# [PROBLEM TO WORK ON]
Show all lines from the records below in which the string "refl" is present.

Records excerpted from a collection
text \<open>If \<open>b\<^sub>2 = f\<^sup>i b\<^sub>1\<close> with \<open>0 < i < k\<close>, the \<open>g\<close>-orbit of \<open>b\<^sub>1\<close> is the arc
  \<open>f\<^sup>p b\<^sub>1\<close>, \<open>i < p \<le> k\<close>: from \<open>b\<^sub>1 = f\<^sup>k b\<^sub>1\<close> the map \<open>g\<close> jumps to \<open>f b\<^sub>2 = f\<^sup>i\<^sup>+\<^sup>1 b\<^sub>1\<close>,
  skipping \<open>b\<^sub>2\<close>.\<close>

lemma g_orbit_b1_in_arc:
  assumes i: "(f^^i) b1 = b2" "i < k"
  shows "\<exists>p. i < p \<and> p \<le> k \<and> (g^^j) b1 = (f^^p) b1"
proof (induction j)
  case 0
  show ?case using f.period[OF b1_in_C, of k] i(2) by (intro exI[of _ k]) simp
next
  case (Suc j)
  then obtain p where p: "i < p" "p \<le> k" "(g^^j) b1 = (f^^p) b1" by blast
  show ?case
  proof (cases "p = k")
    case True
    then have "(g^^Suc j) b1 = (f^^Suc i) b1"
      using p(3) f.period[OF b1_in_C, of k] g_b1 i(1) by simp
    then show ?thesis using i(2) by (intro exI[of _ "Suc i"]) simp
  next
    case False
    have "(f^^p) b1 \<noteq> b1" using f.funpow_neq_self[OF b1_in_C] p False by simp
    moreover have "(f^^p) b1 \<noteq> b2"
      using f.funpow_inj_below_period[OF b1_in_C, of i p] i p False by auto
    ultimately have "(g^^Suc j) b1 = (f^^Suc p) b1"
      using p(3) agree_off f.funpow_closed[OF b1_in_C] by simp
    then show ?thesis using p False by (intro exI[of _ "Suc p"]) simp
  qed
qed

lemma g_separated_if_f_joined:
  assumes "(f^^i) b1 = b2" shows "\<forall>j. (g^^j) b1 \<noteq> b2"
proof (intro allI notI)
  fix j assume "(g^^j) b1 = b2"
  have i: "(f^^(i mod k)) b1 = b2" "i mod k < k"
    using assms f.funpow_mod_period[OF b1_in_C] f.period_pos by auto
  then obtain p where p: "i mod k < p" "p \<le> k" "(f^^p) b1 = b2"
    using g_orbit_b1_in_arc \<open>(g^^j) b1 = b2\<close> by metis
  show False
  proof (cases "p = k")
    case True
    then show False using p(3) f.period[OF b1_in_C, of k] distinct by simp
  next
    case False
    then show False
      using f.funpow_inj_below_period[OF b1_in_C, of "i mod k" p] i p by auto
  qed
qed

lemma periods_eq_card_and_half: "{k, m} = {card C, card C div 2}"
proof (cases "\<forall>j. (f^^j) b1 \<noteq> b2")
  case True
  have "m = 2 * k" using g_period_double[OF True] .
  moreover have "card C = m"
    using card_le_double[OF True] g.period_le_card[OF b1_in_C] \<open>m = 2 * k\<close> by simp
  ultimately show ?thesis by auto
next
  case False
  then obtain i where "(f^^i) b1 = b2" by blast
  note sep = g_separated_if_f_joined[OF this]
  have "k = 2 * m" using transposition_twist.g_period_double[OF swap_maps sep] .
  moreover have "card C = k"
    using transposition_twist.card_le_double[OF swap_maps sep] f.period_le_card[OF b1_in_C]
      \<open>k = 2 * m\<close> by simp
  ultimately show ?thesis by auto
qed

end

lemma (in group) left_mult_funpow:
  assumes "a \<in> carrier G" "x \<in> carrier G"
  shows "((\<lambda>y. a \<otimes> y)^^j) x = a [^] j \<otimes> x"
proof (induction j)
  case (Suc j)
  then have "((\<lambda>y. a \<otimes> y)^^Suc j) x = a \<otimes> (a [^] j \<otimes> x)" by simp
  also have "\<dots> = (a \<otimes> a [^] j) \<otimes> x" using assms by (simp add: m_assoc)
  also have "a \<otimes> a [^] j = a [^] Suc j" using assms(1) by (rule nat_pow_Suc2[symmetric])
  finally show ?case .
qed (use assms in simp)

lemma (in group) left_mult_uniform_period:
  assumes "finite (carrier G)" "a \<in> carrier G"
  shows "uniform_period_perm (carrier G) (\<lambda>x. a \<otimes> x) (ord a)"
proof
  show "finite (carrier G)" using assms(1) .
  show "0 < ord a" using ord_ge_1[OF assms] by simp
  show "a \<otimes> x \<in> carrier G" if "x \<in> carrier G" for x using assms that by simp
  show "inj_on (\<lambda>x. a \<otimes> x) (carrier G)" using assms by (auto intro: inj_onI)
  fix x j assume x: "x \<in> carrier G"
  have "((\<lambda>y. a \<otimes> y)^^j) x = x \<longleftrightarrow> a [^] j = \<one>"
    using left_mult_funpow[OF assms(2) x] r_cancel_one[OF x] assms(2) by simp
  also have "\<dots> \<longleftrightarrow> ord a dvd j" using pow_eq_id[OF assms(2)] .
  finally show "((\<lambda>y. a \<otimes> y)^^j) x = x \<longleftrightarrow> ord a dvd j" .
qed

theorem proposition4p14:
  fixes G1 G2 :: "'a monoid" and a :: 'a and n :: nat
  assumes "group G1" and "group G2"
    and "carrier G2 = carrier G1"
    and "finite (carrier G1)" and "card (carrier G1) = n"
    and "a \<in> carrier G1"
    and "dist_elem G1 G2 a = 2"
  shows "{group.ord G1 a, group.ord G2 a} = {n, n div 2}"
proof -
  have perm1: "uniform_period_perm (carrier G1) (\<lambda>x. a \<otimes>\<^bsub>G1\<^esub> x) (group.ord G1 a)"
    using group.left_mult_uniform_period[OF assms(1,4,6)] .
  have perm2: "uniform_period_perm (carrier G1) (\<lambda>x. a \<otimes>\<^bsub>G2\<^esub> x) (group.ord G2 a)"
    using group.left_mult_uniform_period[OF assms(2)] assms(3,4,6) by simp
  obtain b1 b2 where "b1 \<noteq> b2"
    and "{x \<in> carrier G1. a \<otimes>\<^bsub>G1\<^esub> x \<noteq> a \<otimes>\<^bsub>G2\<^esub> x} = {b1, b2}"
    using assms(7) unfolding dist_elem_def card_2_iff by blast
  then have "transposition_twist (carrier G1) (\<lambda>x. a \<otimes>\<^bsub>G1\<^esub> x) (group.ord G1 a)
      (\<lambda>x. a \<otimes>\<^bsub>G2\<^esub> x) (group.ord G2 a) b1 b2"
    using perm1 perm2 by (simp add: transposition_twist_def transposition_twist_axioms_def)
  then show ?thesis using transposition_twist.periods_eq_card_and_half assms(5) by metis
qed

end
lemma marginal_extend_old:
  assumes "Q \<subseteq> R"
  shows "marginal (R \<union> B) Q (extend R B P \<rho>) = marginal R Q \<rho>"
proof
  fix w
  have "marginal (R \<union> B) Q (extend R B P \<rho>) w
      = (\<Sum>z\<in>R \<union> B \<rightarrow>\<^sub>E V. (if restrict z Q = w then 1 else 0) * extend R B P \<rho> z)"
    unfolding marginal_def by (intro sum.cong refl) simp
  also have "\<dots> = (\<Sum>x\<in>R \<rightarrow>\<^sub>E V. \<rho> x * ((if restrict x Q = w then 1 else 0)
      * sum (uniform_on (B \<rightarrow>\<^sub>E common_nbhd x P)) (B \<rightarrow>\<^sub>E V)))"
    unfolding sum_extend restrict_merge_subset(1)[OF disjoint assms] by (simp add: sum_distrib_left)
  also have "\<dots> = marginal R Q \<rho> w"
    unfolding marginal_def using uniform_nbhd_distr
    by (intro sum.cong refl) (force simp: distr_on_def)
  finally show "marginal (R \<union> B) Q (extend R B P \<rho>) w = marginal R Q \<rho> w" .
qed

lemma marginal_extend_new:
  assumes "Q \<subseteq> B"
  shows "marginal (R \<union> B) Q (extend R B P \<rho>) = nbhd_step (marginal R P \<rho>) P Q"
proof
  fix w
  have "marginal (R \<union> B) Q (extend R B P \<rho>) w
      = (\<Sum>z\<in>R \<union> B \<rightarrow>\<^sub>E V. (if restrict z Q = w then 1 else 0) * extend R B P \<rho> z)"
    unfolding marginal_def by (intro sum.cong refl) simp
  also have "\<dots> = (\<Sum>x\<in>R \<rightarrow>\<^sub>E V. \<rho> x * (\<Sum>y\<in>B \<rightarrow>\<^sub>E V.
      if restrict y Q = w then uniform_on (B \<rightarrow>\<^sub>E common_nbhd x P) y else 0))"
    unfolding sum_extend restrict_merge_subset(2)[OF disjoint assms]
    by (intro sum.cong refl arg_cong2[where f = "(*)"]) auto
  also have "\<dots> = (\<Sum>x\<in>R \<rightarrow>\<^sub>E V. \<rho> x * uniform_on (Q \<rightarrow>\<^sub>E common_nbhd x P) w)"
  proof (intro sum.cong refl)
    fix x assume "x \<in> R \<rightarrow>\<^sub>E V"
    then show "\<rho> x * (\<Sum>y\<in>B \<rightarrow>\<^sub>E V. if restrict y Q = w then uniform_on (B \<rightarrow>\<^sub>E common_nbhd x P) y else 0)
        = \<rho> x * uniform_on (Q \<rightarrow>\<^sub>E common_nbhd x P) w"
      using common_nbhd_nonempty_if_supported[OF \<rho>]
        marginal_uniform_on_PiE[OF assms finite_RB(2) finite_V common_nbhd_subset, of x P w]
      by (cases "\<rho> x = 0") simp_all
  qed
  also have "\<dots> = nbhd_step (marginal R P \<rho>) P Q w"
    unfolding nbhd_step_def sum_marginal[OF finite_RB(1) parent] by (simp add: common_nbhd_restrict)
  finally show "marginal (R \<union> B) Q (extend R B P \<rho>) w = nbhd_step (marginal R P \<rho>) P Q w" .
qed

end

# [ANSWER TO THE EXERCISE]
    unfolding marginal_def by (intro sum.cong refl) simp
    by (intro sum.cong refl) (force simp: distr_on_def)
    unfolding marginal_def by (intro sum.cong refl) simp
    by (intro sum.cong refl arg_cong2[where f = "(*)"]) auto
  proof (intro sum.cong refl)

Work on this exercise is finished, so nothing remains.